The futures of the Old Continent come with increases of 0.5% this Monday
The Ibex 35 and the rest of the European stock markets point to a positive start to the session this Monday (futures: +0.5%), in a day that will not have the Wall Street reference, closed by the celebration of the ‘Day of the Independence’ . Analysts anticipate that the volume of business will suffer today due to this, in what could be a day of transition with few notable macro references, except for the June strike in Spain .
Throughout the week different data of interest will be published, such as the PMI services and composites for June in Europe on Tuesday; Fed minutes on Wednesday ; the ECB minutes on Thursday; and the US June employment report on Friday.
The Ibex starts today from 8,176 points after rising 0.96% on Friday and ending the week with a negative balance of 0.8%. In the last session on Friday, the Spanish selective covered the downward gap left on Thursday, bouncing from the 8,000 point level.
“The technical aspect of the Spanish index continues to be complicated and we will not see a sign of strength again as long as it continues to trade below 8,374 points , the maximum of last Tuesday,” explained the analysts at Bolsamanía.
“Only a close above this price level would make us think of an extension of the gains to 8,711 points , the maximum of the bearish gap of June 10,” they add.
Pay attention this Monday to the banks before the news published by ‘Financial Times’. As he explains, the European Central Bank (ECB) is studying how to prevent banks from obtaining billions of euros of additional benefits from the ultra-cheap loan plan that the agency launched during the pandemic, once it begins to raise rates. of interest later this month.

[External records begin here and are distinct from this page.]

(* For every integer $k\geq 2$, the direct power $\mathbb{N}^k$ contains uncountably many pairwise non-isomorphic subdirect products.
   Context: $\mathbb{N}=\{1,2,3,\dots\}$ is the free monogenic semigroup (positive integers under addition), and $\mathbb{N}^k$ is its $k$-fold direct power with componentwise addition. A subdirect product of $\mathbb{N}^k$ is a subsemigroup $U\leq\mathbb{N}^k$ such that for each $i=1,\dots,k$ the projection of $U$ onto the $i$-th coordinate is all of $\mathbb{N}$. *)

theory Defs
  imports Main "HOL-Library.Countable_Set"
begin

text \<open>The direct power N^k, N = positive integers, elements represented as
functions nat => nat with positive entries at coordinates 0..k-1 and
value 0 at all other coordinates (canonical representatives).\<close>

definition NPow :: "nat \<Rightarrow> (nat \<Rightarrow> nat) set" where
  "NPow k = {v. (\<forall>i<k. 1 \<le> v i) \<and> (\<forall>i\<ge>k. v i = 0)}"

definition vadd :: "(nat \<Rightarrow> nat) \<Rightarrow> (nat \<Rightarrow> nat) \<Rightarrow> (nat \<Rightarrow> nat)" where
  "vadd v w = (\<lambda>i. v i + w i)"

definition subsemigroup_NPow :: "nat \<Rightarrow> (nat \<Rightarrow> nat) set \<Rightarrow> bool" where
  "subsemigroup_NPow k U \<longleftrightarrow> U \<subseteq> NPow k \<and> (\<forall>u\<in>U. \<forall>v\<in>U. vadd u v \<in> U)"

definition subdirect_product :: "nat \<Rightarrow> (nat \<Rightarrow> nat) set \<Rightarrow> bool" where
  "subdirect_product k U \<longleftrightarrow> subsemigroup_NPow k U \<and>
     (\<forall>i<k. (\<lambda>v. v i) ` U = {n. 1 \<le> n})"

definition sg_isomorphic :: "(nat \<Rightarrow> nat) set \<Rightarrow> (nat \<Rightarrow> nat) set \<Rightarrow> bool" where
  "sg_isomorphic U V \<longleftrightarrow> (\<exists>f. bij_betw f U V \<and>
     (\<forall>u\<in>U. \<forall>v\<in>U. f (vadd u v) = vadd (f u) (f v)))"

end

theory Submission
  imports Defs "HOL-Library.Product_Plus"
begin

text \<open>
  To a set \<open>A\<close> of naturals attach the subsemigroup \<open>cone A\<close> of \<open>\<nat>\<^sub>0 \<times> \<nat>\<^sub>0\<close> consisting
  of the positive axis \<open>(x, 0)\<close> and the points \<open>(x, d)\<close>, \<open>d \<ge> 1\<close>, on or right of the
  corner \<open>(2d + \<epsilon>\<^sub>A(d), d)\<close>, where the offset \<open>\<epsilon>\<^sub>A(d) \<in> {2, 3}\<close> records whether
  \<open>d - 1 \<in> A\<close>. Its indecomposable elements are exactly \<open>(1, 0)\<close> and the corners. An
  isomorphism of two such cones maps indecomposables to indecomposables and must fix \<open>(1, 0)\<close>
  (every decomposable element splits off \<open>(1, 0)\<close>, and \<open>(2, 0)\<close> has height 0); hence it fixes
  the axis pointwise and permutes the corners additively in their height, i.e. fixes every
  corner. Comparing the images of the relations \<open>c\<^sub>d + c\<^sub>1 = c\<^sub>d\<^sub>+\<^sub>1 + (j, 0)\<close> then forces
  \<open>\<epsilon>\<^sub>A = \<epsilon>\<^sub>B\<close>, so \<open>A = B\<close>. Embedding the cones into \<open>\<nat>\<^sup>k\<close> via
  \<open>(x, d) \<mapsto> (x, x + d, \<dots>, x + d)\<close> gives a subdirect product for every \<open>A\<close>, and there are
  uncountably many \<open>A\<close>.
\<close>

lemma uncountable_UNIV_nat_set: "uncountable (UNIV :: nat set set)"
  using Cantors_theorem[of "UNIV :: nat set"] by (auto simp: uncountable_def)

definition indecomposable :: "'a::plus set \<Rightarrow> 'a \<Rightarrow> bool" where
  "indecomposable S p \<longleftrightarrow> p \<in> S \<and> \<not> (\<exists>q\<in>S. \<exists>r\<in>S. p = q + r)"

The €2.2 trillion of subsidized loans the ECB gave to banks helped avert a credit crunch when the Covid-19 crisis hit. However, now that the central bank is set to raise interest rates, eurozone lenders are expected to receive up to €24 billion in additional profits , according to analysts.
The ECB’s Governing Council is scheduled to discuss how it could curb the extra margin that hundreds of banks would get on their subsidized loans simply by depositing them back with the central bank, according to three people familiar with the plans.
RISK OF RECESSION
The fear of recession continues to be the element that weighs most on the markets today and is increasingly spreading to more parts of the world.
Nomura expects many major economies, from the eurozone to Australia and Canada , to slide into recession along with the US in the next 12 months , amid restrictive government policies and a rising cost of living, which will push the economy higher. to a synchronized slowdown in growth.
The pullback in the US may be moderate, but long and painful: high inflation may prevent the Federal Reserve from rushing to reverse the slowdown.
FALL OF LISICHANSK
Ukrainian troops have withdrawn from the eastern Ukrainian city of Lisichansk , the last urban holdout under Kiev’s control in the beleaguered Luhansk region, as Vladimir Putin’s Russian forces move closer to their goal of capturing the province, ‘Bloomberg’ reports. .
Having failed to take the capital, kyiv, following its invasion in February, the Kremlin has narrowed its short-term goals to taking over the heavily industrialized Donbas, made up of the eastern regions of Luhansk and Donetsk. Meanwhile, Ukraine plans to present a project – some 2,000 pages long – to rebuild the country, which could mobilize hundreds of billions of euros.
The euro is exchanged at 1.043 dollars (+0.02%). Oil continues to rise. Brent stands at $111.73 and West Texas at $108.52.
Gold advanced 0.6% ($1,813), as did silver ($19.79).
Bitcoin falls 1.25% ($19,110), similar to what ethereum drops ($1,052).
The return on the 10-year US bond falls to 2.889%.